Aim of the task:
Copy each line below that includes "obtain".

(Collected data entries)
'''
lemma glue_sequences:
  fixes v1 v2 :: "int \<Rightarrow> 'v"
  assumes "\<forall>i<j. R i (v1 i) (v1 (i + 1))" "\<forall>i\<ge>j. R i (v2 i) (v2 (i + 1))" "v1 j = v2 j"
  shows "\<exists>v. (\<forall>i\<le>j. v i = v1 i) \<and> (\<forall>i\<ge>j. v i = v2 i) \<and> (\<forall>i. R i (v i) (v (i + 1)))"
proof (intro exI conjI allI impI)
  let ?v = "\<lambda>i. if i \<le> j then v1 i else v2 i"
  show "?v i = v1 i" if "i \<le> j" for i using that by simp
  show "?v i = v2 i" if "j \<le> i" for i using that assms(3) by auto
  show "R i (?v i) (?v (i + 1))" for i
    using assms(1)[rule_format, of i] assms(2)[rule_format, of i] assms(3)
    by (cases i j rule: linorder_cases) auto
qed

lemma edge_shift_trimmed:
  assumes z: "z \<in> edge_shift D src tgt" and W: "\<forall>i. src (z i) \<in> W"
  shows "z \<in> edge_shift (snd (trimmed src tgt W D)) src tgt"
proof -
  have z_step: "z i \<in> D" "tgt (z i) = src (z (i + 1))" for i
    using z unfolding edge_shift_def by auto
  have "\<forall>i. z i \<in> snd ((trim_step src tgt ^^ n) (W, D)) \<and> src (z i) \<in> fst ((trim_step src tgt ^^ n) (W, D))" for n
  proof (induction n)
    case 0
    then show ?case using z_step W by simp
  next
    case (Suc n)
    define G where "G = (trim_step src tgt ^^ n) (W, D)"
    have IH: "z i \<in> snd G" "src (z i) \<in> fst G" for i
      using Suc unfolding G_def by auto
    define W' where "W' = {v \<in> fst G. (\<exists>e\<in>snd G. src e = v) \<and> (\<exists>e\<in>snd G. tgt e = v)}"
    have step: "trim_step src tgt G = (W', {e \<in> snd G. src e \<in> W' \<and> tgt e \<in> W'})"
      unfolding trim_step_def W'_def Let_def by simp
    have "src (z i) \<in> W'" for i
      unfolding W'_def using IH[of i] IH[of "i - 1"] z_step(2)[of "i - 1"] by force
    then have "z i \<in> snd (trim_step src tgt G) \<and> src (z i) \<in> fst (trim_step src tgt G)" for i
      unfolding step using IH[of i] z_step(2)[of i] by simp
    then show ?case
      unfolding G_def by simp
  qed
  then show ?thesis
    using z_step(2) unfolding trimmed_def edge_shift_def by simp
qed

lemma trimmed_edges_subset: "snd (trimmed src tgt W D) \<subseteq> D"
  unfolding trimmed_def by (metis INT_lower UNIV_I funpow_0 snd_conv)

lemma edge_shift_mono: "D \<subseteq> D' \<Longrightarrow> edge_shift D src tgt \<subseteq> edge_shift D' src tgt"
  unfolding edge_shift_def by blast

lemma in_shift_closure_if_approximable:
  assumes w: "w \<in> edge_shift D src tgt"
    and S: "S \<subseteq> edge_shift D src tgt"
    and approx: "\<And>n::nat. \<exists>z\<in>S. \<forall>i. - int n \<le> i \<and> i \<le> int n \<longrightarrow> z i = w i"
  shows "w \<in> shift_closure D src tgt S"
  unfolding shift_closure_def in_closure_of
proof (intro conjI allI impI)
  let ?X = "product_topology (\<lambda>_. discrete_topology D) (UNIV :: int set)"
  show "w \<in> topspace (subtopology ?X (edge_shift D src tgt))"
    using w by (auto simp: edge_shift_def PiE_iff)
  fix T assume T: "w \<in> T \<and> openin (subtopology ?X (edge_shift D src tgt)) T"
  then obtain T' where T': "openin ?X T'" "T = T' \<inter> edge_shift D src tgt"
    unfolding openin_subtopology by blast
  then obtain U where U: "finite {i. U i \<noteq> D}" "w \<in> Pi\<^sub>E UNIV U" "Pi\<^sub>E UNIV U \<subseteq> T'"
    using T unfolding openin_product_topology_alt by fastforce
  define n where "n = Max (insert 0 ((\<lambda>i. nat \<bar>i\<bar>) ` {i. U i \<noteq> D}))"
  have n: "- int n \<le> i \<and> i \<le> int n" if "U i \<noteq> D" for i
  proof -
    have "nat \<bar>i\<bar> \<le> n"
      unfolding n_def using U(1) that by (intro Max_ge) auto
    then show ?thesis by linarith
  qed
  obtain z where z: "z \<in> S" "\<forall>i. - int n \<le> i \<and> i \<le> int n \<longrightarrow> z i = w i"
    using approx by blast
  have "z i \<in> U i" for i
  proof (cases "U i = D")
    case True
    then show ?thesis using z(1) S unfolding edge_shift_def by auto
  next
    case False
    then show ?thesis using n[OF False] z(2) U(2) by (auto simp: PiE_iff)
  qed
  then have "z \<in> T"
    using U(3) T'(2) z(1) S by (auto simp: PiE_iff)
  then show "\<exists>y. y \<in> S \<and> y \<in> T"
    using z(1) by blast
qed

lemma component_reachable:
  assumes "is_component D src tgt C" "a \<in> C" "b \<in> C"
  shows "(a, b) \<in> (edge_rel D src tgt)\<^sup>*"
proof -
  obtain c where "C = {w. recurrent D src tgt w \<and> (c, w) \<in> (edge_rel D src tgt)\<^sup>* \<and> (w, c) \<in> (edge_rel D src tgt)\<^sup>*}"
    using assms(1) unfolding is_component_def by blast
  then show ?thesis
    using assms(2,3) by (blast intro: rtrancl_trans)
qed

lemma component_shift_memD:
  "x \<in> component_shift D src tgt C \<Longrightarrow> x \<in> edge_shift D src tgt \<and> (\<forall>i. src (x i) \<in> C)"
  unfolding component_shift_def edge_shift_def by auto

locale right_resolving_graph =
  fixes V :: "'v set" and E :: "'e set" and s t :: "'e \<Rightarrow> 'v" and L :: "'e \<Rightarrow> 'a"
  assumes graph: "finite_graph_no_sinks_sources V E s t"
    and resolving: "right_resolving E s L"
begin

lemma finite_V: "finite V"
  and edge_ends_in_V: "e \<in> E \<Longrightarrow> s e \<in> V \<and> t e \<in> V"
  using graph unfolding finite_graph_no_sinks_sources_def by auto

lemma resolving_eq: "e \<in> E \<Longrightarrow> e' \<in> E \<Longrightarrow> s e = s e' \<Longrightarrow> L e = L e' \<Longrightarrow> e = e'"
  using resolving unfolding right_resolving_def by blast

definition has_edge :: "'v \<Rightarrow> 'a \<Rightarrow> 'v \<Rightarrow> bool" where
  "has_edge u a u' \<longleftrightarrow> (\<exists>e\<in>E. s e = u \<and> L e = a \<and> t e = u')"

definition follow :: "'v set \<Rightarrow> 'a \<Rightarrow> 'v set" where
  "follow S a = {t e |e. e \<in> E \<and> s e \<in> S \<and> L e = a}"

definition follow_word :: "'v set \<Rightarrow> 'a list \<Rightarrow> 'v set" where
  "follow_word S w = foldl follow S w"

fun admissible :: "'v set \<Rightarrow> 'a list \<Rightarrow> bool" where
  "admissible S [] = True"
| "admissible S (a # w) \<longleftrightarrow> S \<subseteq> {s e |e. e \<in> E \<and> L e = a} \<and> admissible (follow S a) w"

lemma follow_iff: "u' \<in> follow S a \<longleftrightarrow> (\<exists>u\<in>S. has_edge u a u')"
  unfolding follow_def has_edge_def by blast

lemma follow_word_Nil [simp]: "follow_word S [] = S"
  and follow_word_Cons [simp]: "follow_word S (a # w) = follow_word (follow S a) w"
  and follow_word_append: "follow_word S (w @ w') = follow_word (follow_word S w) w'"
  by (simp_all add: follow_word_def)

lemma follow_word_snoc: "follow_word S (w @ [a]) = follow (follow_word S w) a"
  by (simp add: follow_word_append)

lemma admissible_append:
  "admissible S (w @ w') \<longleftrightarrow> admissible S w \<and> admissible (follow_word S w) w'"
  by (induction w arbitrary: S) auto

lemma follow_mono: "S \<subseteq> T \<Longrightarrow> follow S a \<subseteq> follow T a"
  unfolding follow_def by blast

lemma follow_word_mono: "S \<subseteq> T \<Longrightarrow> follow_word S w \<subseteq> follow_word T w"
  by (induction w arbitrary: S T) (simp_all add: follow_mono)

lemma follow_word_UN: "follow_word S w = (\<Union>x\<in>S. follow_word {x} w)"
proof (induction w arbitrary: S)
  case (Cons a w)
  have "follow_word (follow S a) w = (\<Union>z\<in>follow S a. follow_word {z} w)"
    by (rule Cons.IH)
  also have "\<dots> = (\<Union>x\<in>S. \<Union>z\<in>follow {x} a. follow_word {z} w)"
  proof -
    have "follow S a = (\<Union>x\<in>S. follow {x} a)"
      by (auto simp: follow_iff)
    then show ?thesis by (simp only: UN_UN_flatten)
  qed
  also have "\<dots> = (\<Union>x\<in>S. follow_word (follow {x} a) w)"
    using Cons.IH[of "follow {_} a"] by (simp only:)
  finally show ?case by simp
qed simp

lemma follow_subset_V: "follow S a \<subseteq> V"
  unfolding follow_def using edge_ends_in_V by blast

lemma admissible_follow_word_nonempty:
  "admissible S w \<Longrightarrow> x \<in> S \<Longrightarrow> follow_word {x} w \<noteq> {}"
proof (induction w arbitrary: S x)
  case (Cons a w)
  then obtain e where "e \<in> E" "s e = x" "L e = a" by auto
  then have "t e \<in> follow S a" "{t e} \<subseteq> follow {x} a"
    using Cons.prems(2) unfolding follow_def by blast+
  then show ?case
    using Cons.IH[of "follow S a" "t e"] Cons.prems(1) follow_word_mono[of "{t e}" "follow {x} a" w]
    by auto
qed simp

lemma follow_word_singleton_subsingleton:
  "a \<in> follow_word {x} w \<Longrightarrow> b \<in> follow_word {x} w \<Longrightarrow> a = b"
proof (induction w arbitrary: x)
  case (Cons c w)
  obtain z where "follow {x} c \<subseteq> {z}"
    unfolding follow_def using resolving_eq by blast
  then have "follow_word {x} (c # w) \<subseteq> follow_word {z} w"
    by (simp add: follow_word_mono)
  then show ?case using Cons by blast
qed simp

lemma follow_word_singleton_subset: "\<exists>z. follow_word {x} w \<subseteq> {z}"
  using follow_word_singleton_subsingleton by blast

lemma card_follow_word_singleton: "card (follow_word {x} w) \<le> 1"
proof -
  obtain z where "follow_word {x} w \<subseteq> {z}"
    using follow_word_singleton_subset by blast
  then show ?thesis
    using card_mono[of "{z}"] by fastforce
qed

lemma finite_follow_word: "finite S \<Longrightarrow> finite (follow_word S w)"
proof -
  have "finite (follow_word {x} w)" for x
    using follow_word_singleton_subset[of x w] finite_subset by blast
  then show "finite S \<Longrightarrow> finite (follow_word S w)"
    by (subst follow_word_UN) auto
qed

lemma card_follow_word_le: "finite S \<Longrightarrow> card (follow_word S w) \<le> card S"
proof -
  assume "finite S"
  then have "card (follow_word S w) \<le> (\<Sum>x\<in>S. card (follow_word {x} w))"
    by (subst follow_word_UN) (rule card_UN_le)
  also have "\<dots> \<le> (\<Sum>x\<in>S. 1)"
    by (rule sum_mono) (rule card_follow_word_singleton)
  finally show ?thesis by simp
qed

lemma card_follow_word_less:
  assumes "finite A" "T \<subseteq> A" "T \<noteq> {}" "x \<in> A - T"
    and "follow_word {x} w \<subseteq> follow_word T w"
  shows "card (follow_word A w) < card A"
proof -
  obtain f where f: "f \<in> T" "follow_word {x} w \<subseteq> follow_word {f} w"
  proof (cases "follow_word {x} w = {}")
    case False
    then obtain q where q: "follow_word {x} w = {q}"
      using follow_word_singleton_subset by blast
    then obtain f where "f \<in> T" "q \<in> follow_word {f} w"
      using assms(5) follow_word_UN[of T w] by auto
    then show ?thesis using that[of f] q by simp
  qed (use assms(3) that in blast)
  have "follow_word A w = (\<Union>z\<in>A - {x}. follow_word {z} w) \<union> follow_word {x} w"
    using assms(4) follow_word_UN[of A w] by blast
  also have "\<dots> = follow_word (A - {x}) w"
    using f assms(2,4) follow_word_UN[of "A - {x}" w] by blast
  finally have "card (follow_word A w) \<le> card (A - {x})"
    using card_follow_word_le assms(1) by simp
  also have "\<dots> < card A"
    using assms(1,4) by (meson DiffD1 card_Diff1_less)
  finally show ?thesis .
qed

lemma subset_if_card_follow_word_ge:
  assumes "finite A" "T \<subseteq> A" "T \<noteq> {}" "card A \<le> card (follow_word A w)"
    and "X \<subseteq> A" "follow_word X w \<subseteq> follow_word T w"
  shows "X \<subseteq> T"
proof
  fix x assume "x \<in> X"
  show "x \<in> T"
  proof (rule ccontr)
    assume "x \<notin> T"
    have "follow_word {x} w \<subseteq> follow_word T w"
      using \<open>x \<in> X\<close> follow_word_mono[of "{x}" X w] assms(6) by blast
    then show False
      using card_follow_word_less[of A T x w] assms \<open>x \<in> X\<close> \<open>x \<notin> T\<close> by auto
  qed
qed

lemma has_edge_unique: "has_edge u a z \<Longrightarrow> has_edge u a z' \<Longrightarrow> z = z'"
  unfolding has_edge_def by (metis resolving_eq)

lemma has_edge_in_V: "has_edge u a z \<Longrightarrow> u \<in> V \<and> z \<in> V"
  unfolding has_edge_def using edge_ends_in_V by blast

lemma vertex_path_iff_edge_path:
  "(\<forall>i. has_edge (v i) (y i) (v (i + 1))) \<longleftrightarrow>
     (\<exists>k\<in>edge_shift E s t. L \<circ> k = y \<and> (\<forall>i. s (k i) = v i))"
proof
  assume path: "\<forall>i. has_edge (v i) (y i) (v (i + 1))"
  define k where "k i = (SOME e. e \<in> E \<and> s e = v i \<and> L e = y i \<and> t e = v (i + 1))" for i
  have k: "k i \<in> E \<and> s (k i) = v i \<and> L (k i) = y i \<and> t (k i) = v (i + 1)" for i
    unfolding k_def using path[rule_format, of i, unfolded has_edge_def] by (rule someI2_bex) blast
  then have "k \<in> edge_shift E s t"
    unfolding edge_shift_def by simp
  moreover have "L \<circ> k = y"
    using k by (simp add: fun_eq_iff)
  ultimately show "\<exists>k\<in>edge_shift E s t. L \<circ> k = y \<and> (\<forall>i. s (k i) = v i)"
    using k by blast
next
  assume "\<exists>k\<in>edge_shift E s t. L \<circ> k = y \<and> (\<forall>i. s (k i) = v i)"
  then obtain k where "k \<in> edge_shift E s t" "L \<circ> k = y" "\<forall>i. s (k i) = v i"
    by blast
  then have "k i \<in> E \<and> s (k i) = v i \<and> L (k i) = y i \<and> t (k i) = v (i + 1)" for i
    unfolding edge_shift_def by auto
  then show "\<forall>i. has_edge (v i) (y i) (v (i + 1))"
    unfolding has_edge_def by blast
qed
'''
Written response:
  then obtain T' where T': "openin ?X T'" "T = T' \<inter> edge_shift D src tgt"
  then obtain U where U: "finite {i. U i \<noteq> D}" "w \<in> Pi\<^sub>E UNIV U" "Pi\<^sub>E UNIV U \<subseteq> T'"
  obtain z where z: "z \<in> S" "\<forall>i. - int n \<le> i \<and> i \<le> int n \<longrightarrow> z i = w i"
  obtain c where "C = {w. recurrent D src tgt w \<and> (c, w) \<in> (edge_rel D src tgt)\<^sup>* \<and> (w, c) \<in> (edge_rel D src tgt)\<^sup>*}"
  then obtain e where "e \<in> E" "s e = x" "L e = a" by auto
  obtain z where "follow {x} c \<subseteq> {z}"
  obtain z where "follow_word {x} w \<subseteq> {z}"
  obtain f where f: "f \<in> T" "follow_word {x} w \<subseteq> follow_word {f} w"
    then obtain q where q: "follow_word {x} w = {q}"
    then obtain f where "f \<in> T" "q \<in> follow_word {f} w"
  then obtain k where "k \<in> edge_shift E s t" "L \<circ> k = y" "\<forall>i. s (k i) = v i"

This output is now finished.